(WHAT TO DO): Every entry must appear in the answer exactly as it does here.
[[ INPUT DATA, beginning ]]
theorem lemma6p1:
  fixes A \<sigma> :: real
  assumes "A > 0"
  shows "(\<forall>R>0. (0 \<le> \<sigma> \<and> \<sigma> \<le> A \<longrightarrow> first_eigenvalue A R \<sigma> \<ge> 2 * \<sigma> * A - \<sigma>^2) \<and>
                 (\<sigma> \<ge> A \<longrightarrow> first_eigenvalue A R \<sigma> \<ge> A^2))
       \<and> (\<sigma> < 0 \<longrightarrow> (\<forall>R>0. first_eigenvalue A R \<sigma> \<le> 2 * A * \<sigma> - \<sigma>^2))
       \<and> (\<sigma> > A \<longrightarrow> (\<exists>R0>0. \<exists>c0>0. \<forall>R\<ge>R0.
              first_eigenvalue A R \<sigma> \<ge> A^2 + pi^2 / R^2 - c0 / R^3))"
proof (intro conjI allI impI)
  fix R :: real assume "R > 0"
  show "first_eigenvalue A R \<sigma> \<ge> 2 * \<sigma> * A - \<sigma>^2" if "0 \<le> \<sigma> \<and> \<sigma> \<le> A"
    using eigenvalue_ge_of_nonneg_sigma[OF assms \<open>R > 0\<close>] that
    by (intro first_eigenvalue_ge[OF \<open>R > 0\<close>]) auto
  show "first_eigenvalue A R \<sigma> \<ge> A^2" if "\<sigma> \<ge> A"
    using eigenvalue_gt_A2[OF assms \<open>R > 0\<close> that]
    by (intro first_eigenvalue_ge[OF \<open>R > 0\<close>]) (simp add: less_imp_le)
next
  fix R :: real assume "\<sigma> < 0" and "R > 0"
  obtain lam where "is_eigenvalue A R \<sigma> lam" and "lam \<le> 2 * A * \<sigma> - \<sigma>^2"
    using eigenvalue_le_of_neg_sigma \<open>\<sigma> < 0\<close> assms \<open>R > 0\<close> by blast
  then show "first_eigenvalue A R \<sigma> \<le> 2 * A * \<sigma> - \<sigma>^2"
    unfolding first_eigenvalue_def
    using eigenvalues_bdd_below_of_nonpos_sigma \<open>\<sigma> < 0\<close> assms \<open>R > 0\<close>
    by (intro cInf_lower2) auto
next
  assume "\<sigma> > A"
  define m where "m = A * (\<sigma> - A)"
  have "0 < m"
    unfolding m_def using assms \<open>\<sigma> > A\<close> by simp
  define R0 where "R0 = sqrt (2 * pi^2 / m)"
  have "0 < R0" and R0_sq: "R0^2 = 2 * pi^2 / m"
    unfolding R0_def using \<open>0 < m\<close> by simp_all
  have "first_eigenvalue A R \<sigma> \<ge> A^2 + pi^2 / R^2 - (4 * \<sigma> * pi^2 / m) / R^3" if "R \<ge> R0" for R
  proof -
    have "R0^2 \<le> R^2"
      using that \<open>0 < R0\<close> by (intro power_mono) auto
    then have "2 * pi^2 \<le> m * R^2"
      using R0_sq \<open>0 < m\<close> by (simp add: divide_le_eq mult.commute)
    moreover have "0 < R"
      using that \<open>0 < R0\<close> by simp
    ultimately show ?thesis
      using eigenvalue_ge_of_large_R[OF assms \<open>\<sigma> > A\<close>] unfolding m_def
      by (intro first_eigenvalue_ge) auto
  qed
  moreover have "0 < 4 * \<sigma> * pi^2 / m"
    using \<open>0 < m\<close> assms \<open>\<sigma> > A\<close> by simp
  ultimately show "\<exists>R0>0. \<exists>c0>0. \<forall>R\<ge>R0. first_eigenvalue A R \<sigma> \<ge> A^2 + pi^2 / R^2 - c0 / R^3"
    using \<open>0 < R0\<close> by blast
qed

end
[[ INPUT DATA, end ]]
(TASK SOLUTION):
theorem lemma6p1:
  fixes A \<sigma> :: real
  assumes "A > 0"
  shows "(\<forall>R>0. (0 \<le> \<sigma> \<and> \<sigma> \<le> A \<longrightarrow> first_eigenvalue A R \<sigma> \<ge> 2 * \<sigma> * A - \<sigma>^2) \<and>
                 (\<sigma> \<ge> A \<longrightarrow> first_eigenvalue A R \<sigma> \<ge> A^2))
       \<and> (\<sigma> < 0 \<longrightarrow> (\<forall>R>0. first_eigenvalue A R \<sigma> \<le> 2 * A * \<sigma> - \<sigma>^2))
       \<and> (\<sigma> > A \<longrightarrow> (\<exists>R0>0. \<exists>c0>0. \<forall>R\<ge>R0.
              first_eigenvalue A R \<sigma> \<ge> A^2 + pi^2 / R^2 - c0 / R^3))"
proof (intro conjI allI impI)
  fix R :: real assume "R > 0"
  show "first_eigenvalue A R \<sigma> \<ge> 2 * \<sigma> * A - \<sigma>^2" if "0 \<le> \<sigma> \<and> \<sigma> \<le> A"
    using eigenvalue_ge_of_nonneg_sigma[OF assms \<open>R > 0\<close>] that
    by (intro first_eigenvalue_ge[OF \<open>R > 0\<close>]) auto
  show "first_eigenvalue A R \<sigma> \<ge> A^2" if "\<sigma> \<ge> A"
    using eigenvalue_gt_A2[OF assms \<open>R > 0\<close> that]
    by (intro first_eigenvalue_ge[OF \<open>R > 0\<close>]) (simp add: less_imp_le)
next
  fix R :: real assume "\<sigma> < 0" and "R > 0"
  obtain lam where "is_eigenvalue A R \<sigma> lam" and "lam \<le> 2 * A * \<sigma> - \<sigma>^2"
    using eigenvalue_le_of_neg_sigma \<open>\<sigma> < 0\<close> assms \<open>R > 0\<close> by blast
  then show "first_eigenvalue A R \<sigma> \<le> 2 * A * \<sigma> - \<sigma>^2"
    unfolding first_eigenvalue_def
    using eigenvalues_bdd_below_of_nonpos_sigma \<open>\<sigma> < 0\<close> assms \<open>R > 0\<close>
    by (intro cInf_lower2) auto
next
  assume "\<sigma> > A"
  define m where "m = A * (\<sigma> - A)"
  have "0 < m"
    unfolding m_def using assms \<open>\<sigma> > A\<close> by simp
  define R0 where "R0 = sqrt (2 * pi^2 / m)"
  have "0 < R0" and R0_sq: "R0^2 = 2 * pi^2 / m"
    unfolding R0_def using \<open>0 < m\<close> by simp_all
  have "first_eigenvalue A R \<sigma> \<ge> A^2 + pi^2 / R^2 - (4 * \<sigma> * pi^2 / m) / R^3" if "R \<ge> R0" for R
  proof -
    have "R0^2 \<le> R^2"
      using that \<open>0 < R0\<close> by (intro power_mono) auto
    then have "2 * pi^2 \<le> m * R^2"
      using R0_sq \<open>0 < m\<close> by (simp add: divide_le_eq mult.commute)
    moreover have "0 < R"
      using that \<open>0 < R0\<close> by simp
    ultimately show ?thesis
      using eigenvalue_ge_of_large_R[OF assms \<open>\<sigma> > A\<close>] unfolding m_def
      by (intro first_eigenvalue_ge) auto
  qed
  moreover have "0 < 4 * \<sigma> * pi^2 / m"
    using \<open>0 < m\<close> assms \<open>\<sigma> > A\<close> by simp
  ultimately show "\<exists>R0>0. \<exists>c0>0. \<forall>R\<ge>R0. first_eigenvalue A R \<sigma> \<ge> A^2 + pi^2 / R^2 - c0 / R^3"
    using \<open>0 < R0\<close> by blast
qed

end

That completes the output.